- What is expected -
Wherever the word "lemmas" appears in a line of the records, copy that line.

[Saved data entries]

lemma bordered_take_iff:
  assumes "0 < i" "i \<le> length u"
  shows "bordered (take i u) \<longleftrightarrow> 0 < longest_border u i"
proof
  assume "bordered (take i u)"
  then obtain b where "0 < b" "is_border u i b"
    unfolding bordered_def is_border_def using assms by auto
  then show "0 < longest_border u i" using longest_border_greatest[of u i b] by simp
next
  assume "0 < longest_border u i"
  then show "bordered (take i u)"
    using longest_border_is_border[OF assms(1), of u] assms unfolding bordered_def is_border_def by auto
qed

lemma LSeed_eq_longest_border:
  assumes "0 < i" "i \<le> length u"
  shows "LSeed u i = (if longest_border u i = 0 then 0 else i - 1)"
  unfolding LSeed_def lseedmax_eq bordered_take_iff[OF assms] using assms by auto

text \<open>Registers: R0 = 0 (so Jz 0 l is a jump), R1 = n, R8 = 1, R2 = i, R3 = k, the current candidate
  border, and R4 to R7 scratch. Instructions 0 to 8 initialise (halting at once if n = 0),
  9 to 27 are the KMP loop storing longest_border u i in M[n + i], with the inner loop at 13
  comparing u!k with u!i, and 28 to 37 overwrite M[n + i] by LSeed u i.\<close>
definition lseed_prog :: "instr list" where
  "lseed_prog = [LoadC 9 0,
    Load 1 9,
    Jz 1 38,
    LoadC 8 1,
    Add 4 1 8,
    LoadC 5 0,
    Store 4 5,
    LoadC 2 1,
    LoadC 3 0,
    Sub 4 1 2,
    Jz 4 28,
    Add 4 2 8,
    Load 5 4,
    Add 4 3 8,
    Load 6 4,
    Sub 7 5 6,
    Sub 4 6 5,
    Add 7 7 4,
    Jz 7 23,
    Jz 3 24,
    Add 4 1 3,
    Load 3 4,
    Jz 0 13,
    Add 3 3 8,
    Add 2 2 8,
    Add 4 1 2,
    Store 4 3,
    Jz 0 9,
    LoadC 2 1,
    Add 4 1 2,
    Load 5 4,
    Jz 5 34,
    Sub 6 2 8,
    Store 4 6,
    Sub 6 1 2,
    Jz 6 38,
    Add 2 2 8,
    Jz 0 29,
    Halt]"

lemma run_0: "run P 0 c = c"
  by (simp add: run_def)

lemma run_Suc: "run P (Suc k) c = run P k (step P c)"
  unfolding run_def funpow_Suc_right by simp

lemma run_1: "run P 1 c = step P c"
  by (simp add: run_def)

lemma run_numeral: "run P (numeral n) c = run P (pred_numeral n) (step P c)"
  by (simp only: numeral_eq_Suc run_Suc)

lemma run_add: "run P (a + b) c = run P b (run P a c)"
  by (simp add: run_def funpow_add add.commute[of a b])

lemmas run_unfold = run_0 run_Suc run_numeral pred_numeral_simps BitM.simps numeral_One run_1

text \<open>Having only monus, the program tests a = b as (a - b) + (b - a) = 0.\<close>
lemma nat_diff_add_diff_eq_0_iff: "(a::nat) - b + (b - a) = 0 \<longleftrightarrow> a = b"
  by auto

lemma lseed_prog_length: "length lseed_prog = 39"
  by (simp add: lseed_prog_def)

text \<open>An instruction table rather than the list literal keeps symbolic execution fast; since simp
  normalises 1 to Suc 0 and leaves Suc (Suc 0) alone, pc 1 is written Suc 0 here and
  exec_simps folds Suc (Suc 0) back to 2.\<close>
lemma lseed_prog_nth:
  "lseed_prog ! 0 = LoadC 9 0"
  "lseed_prog ! Suc 0 = Load 1 9"
  "lseed_prog ! 2 = Jz 1 38"
  "lseed_prog ! 3 = LoadC 8 1"
  "lseed_prog ! 4 = Add 4 1 8"
  "lseed_prog ! 5 = LoadC 5 0"
  "lseed_prog ! 6 = Store 4 5"
  "lseed_prog ! 7 = LoadC 2 1"
  "lseed_prog ! 8 = LoadC 3 0"
  "lseed_prog ! 9 = Sub 4 1 2"
  "lseed_prog ! 10 = Jz 4 28"
  "lseed_prog ! 11 = Add 4 2 8"
  "lseed_prog ! 12 = Load 5 4"
  "lseed_prog ! 13 = Add 4 3 8"
  "lseed_prog ! 14 = Load 6 4"
  "lseed_prog ! 15 = Sub 7 5 6"
  "lseed_prog ! 16 = Sub 4 6 5"
  "lseed_prog ! 17 = Add 7 7 4"
  "lseed_prog ! 18 = Jz 7 23"
  "lseed_prog ! 19 = Jz 3 24"
  "lseed_prog ! 20 = Add 4 1 3"
  "lseed_prog ! 21 = Load 3 4"
  "lseed_prog ! 22 = Jz 0 13"
  "lseed_prog ! 23 = Add 3 3 8"
  "lseed_prog ! 24 = Add 2 2 8"
  "lseed_prog ! 25 = Add 4 1 2"
  "lseed_prog ! 26 = Store 4 3"
  "lseed_prog ! 27 = Jz 0 9"
  "lseed_prog ! 28 = LoadC 2 1"
  "lseed_prog ! 29 = Add 4 1 2"
  "lseed_prog ! 30 = Load 5 4"
  "lseed_prog ! 31 = Jz 5 34"
  "lseed_prog ! 32 = Sub 6 2 8"
  "lseed_prog ! 33 = Store 4 6"
  "lseed_prog ! 34 = Sub 6 1 2"
  "lseed_prog ! 35 = Jz 6 38"
  "lseed_prog ! 36 = Add 2 2 8"
  "lseed_prog ! 37 = Jz 0 29"
  "lseed_prog ! 38 = Halt"
  by (simp_all add: lseed_prog_def)

lemmas exec_simps = step_def halted_def lseed_prog_length lseed_prog_nth numeral_2_eq_2[symmetric]
  nat_diff_add_diff_eq_0_iff

definition ram_frame :: "nat list \<Rightarrow> config \<Rightarrow> bool" where
  "ram_frame u c \<longleftrightarrow> regs c 0 = 0 \<and> regs c 1 = length u \<and> regs c 8 = 1 \<and> mem c 0 = length u
     \<and> (\<forall>j<length u. mem c (Suc j) = u!j)"

definition kmp_outer :: "nat list \<Rightarrow> config \<Rightarrow> nat \<Rightarrow> bool" where
  "kmp_outer u c i \<longleftrightarrow> pc c = 9 \<and> ram_frame u c \<and> regs c 2 = i \<and> 1 \<le> i \<and> i \<le> length u
     \<and> regs c 3 = longest_border u i
     \<and> (\<forall>j. 1 \<le> j \<and> j \<le> i \<longrightarrow> mem c (length u + j) = longest_border u j)"

definition kmp_inner :: "nat list \<Rightarrow> config \<Rightarrow> nat \<Rightarrow> nat \<Rightarrow> bool" where
  "kmp_inner u c i k \<longleftrightarrow> pc c = 13 \<and> ram_frame u c \<and> regs c 2 = i \<and> 1 \<le> i \<and> i < length u
     \<and> regs c 3 = k \<and> regs c 5 = u!i \<and> kmp_candidate u i k
     \<and> (\<forall>j. 1 \<le> j \<and> j \<le> i \<longrightarrow> mem c (length u + j) = longest_border u j)"

definition lseed_pass :: "nat list \<Rightarrow> config \<Rightarrow> nat \<Rightarrow> bool" where
  "lseed_pass u c i \<longleftrightarrow> pc c = 29 \<and> regs c 0 = 0 \<and> regs c 1 = length u \<and> regs c 8 = 1
     \<and> regs c 2 = i \<and> 1 \<le> i \<and> i \<le> length u
     \<and> (\<forall>j. 1 \<le> j \<and> j < i \<longrightarrow> mem c (length u + j) = LSeed u j)
     \<and> (\<forall>j. i \<le> j \<and> j \<le> length u \<longrightarrow> mem c (length u + j) = longest_border u j)"

lemma init_empty: "u = [] \<Longrightarrow> halted lseed_prog (run lseed_prog 3 (init_config u))"
  unfolding init_config_def by (simp only: run_unfold) (simp add: exec_simps)

lemma init_kmp_outer:
  assumes "u \<noteq> []"
  shows "kmp_outer u (run lseed_prog 9 (init_config u)) 1"
proof -
  have "longest_border u 1 = 0" using longest_border_less[of 1 u] by simp
  then show ?thesis using assms unfolding kmp_outer_def ram_frame_def init_config_def
    by (simp only: run_unfold) (auto simp: exec_simps le_Suc_eq Suc_le_eq)
qed

lemma kmp_outer_enter_inner:
  assumes "kmp_outer u c i" "i < length u"
  shows "kmp_inner u (run lseed_prog 4 c) i (longest_border u i)"
  using assms kmp_candidate_longest_border[of i u] unfolding kmp_inner_def kmp_outer_def ram_frame_def
  by (simp only: run_unfold) (auto simp: exec_simps)

lemma kmp_outer_exit:
  assumes "kmp_outer u c (length u)"
  shows "lseed_pass u (run lseed_prog 3 c) 1"
  using assms unfolding kmp_outer_def ram_frame_def lseed_pass_def
  by (simp only: run_unfold) (auto simp: exec_simps)

lemma kmp_inner_less: "kmp_inner u c i k \<Longrightarrow> k < i"
  unfolding kmp_inner_def kmp_candidate_def is_border_def by auto

lemma kmp_inner_facts:
  assumes "kmp_inner u c i k"
  shows "pc c = 13" "regs c 0 = 0" "regs c 1 = length u" "regs c 8 = 1" "regs c 2 = i"
    "regs c 3 = k" "regs c 5 = u!i" "mem c (Suc k) = u!k"
    "0 < k \<Longrightarrow> mem c (length u + k) = longest_border u k"
  using assms kmp_inner_less[OF assms] unfolding kmp_inner_def ram_frame_def by auto

text \<open>The straight-line code paths are executed under hypotheses on the cells they read only,
  which keeps the quantified invariants out of the simplifier.\<close>
lemma kmp_fallback_exec:
  assumes "pc c = 13" "regs c 0 = 0" "regs c 1 = n" "regs c 8 = 1" "regs c 2 = i"
    "regs c 3 = k" "regs c 5 = u!i" "mem c (Suc k) = u!k" "mem c (n + k) = k'" "0 < k" "u!k \<noteq> u!i"
  shows "pc (run lseed_prog 10 c) = 13 \<and> regs (run lseed_prog 10 c) 0 = 0
    \<and> regs (run lseed_prog 10 c) 1 = n \<and> regs (run lseed_prog 10 c) 8 = 1
    \<and> regs (run lseed_prog 10 c) 2 = i \<and> regs (run lseed_prog 10 c) 3 = k'
    \<and> regs (run lseed_prog 10 c) 5 = u!i \<and> mem (run lseed_prog 10 c) = mem c"
  using assms by (simp only: run_unfold) (simp add: exec_simps)

lemma kmp_match_exec:
  assumes "pc c = 13" "regs c 0 = 0" "regs c 1 = n" "regs c 8 = 1" "regs c 2 = i"
    "regs c 3 = k" "regs c 5 = u!i" "mem c (Suc k) = u!k" "u!k = u!i"
  shows "pc (run lseed_prog 11 c) = 9 \<and> regs (run lseed_prog 11 c) 0 = 0
    \<and> regs (run lseed_prog 11 c) 1 = n \<and> regs (run lseed_prog 11 c) 8 = 1
    \<and> regs (run lseed_prog 11 c) 2 = Suc i \<and> regs (run lseed_prog 11 c) 3 = Suc k
    \<and> mem (run lseed_prog 11 c) = (mem c)(n + Suc i := Suc k)"
  using assms by (simp only: run_unfold) (simp add: exec_simps)

lemma kmp_mismatch_exec:
  assumes "pc c = 13" "regs c 0 = 0" "regs c 1 = n" "regs c 8 = 1" "regs c 2 = i"
    "regs c 3 = 0" "regs c 5 = u!i" "mem c (Suc 0) = u!0" "u!0 \<noteq> u!i"
  shows "pc (run lseed_prog 11 c) = 9 \<and> regs (run lseed_prog 11 c) 0 = 0
    \<and> regs (run lseed_prog 11 c) 1 = n \<and> regs (run lseed_prog 11 c) 8 = 1
    \<and> regs (run lseed_prog 11 c) 2 = Suc i \<and> regs (run lseed_prog 11 c) 3 = 0
    \<and> mem (run lseed_prog 11 c) = (mem c)(n + Suc i := 0)"
  using assms by (simp only: run_unfold) (simp add: exec_simps)

lemma kmp_inner_fallback:
  assumes a: "kmp_inner u c i k" and "0 < k" and mismatch: "u!k \<noteq> u!i"
  shows "kmp_inner u (run lseed_prog 10 c) i (longest_border u k)"
  using kmp_fallback_exec[OF kmp_inner_facts(1-8)[OF a] kmp_inner_facts(9)[OF a \<open>0 < k\<close>]
      \<open>0 < k\<close> mismatch]
    a kmp_candidate_fallback[OF _ \<open>0 < k\<close> mismatch]
  unfolding kmp_inner_def ram_frame_def by simp

lemma kmp_inner_match:
  assumes a: "kmp_inner u c i k" and match: "u!k = u!i"
  shows "kmp_outer u (run lseed_prog 11 c) (Suc i)"
proof -
  have "longest_border u (Suc i) = Suc k"
    using a longest_border_Suc_match[OF _ match] unfolding kmp_inner_def by simp
  then show ?thesis using kmp_match_exec[OF kmp_inner_facts(1-8)[OF a] match] a
    unfolding kmp_inner_def kmp_outer_def ram_frame_def by (auto simp: le_Suc_eq)
qed

lemma kmp_inner_mismatch:
  assumes a: "kmp_inner u c i 0" and mismatch: "u!0 \<noteq> u!i"
  shows "kmp_outer u (run lseed_prog 11 c) (Suc i)"
proof -
  have "longest_border u (Suc i) = 0"
    using a longest_border_Suc_mismatch[OF _ mismatch] unfolding kmp_inner_def by simp
  then show ?thesis using kmp_mismatch_exec[OF kmp_inner_facts(1-8)[OF a] mismatch] a
    unfolding kmp_inner_def kmp_outer_def ram_frame_def by (auto simp: le_Suc_eq)
qed

lemma lseed_pass_facts:
  assumes "lseed_pass u c i"
  shows "pc c = 29" "regs c 0 = 0" "regs c 1 = length u" "regs c 8 = 1" "regs c 2 = i"
    "mem c (length u + i) = longest_border u i" "0 < i" "i \<le> length u"
  using assms unfolding lseed_pass_def by auto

- Solved problem -
lemmas run_unfold = run_0 run_Suc run_numeral pred_numeral_simps BitM.simps numeral_One run_1
lemmas exec_simps = step_def halted_def lseed_prog_length lseed_prog_nth numeral_2_eq_2[symmetric]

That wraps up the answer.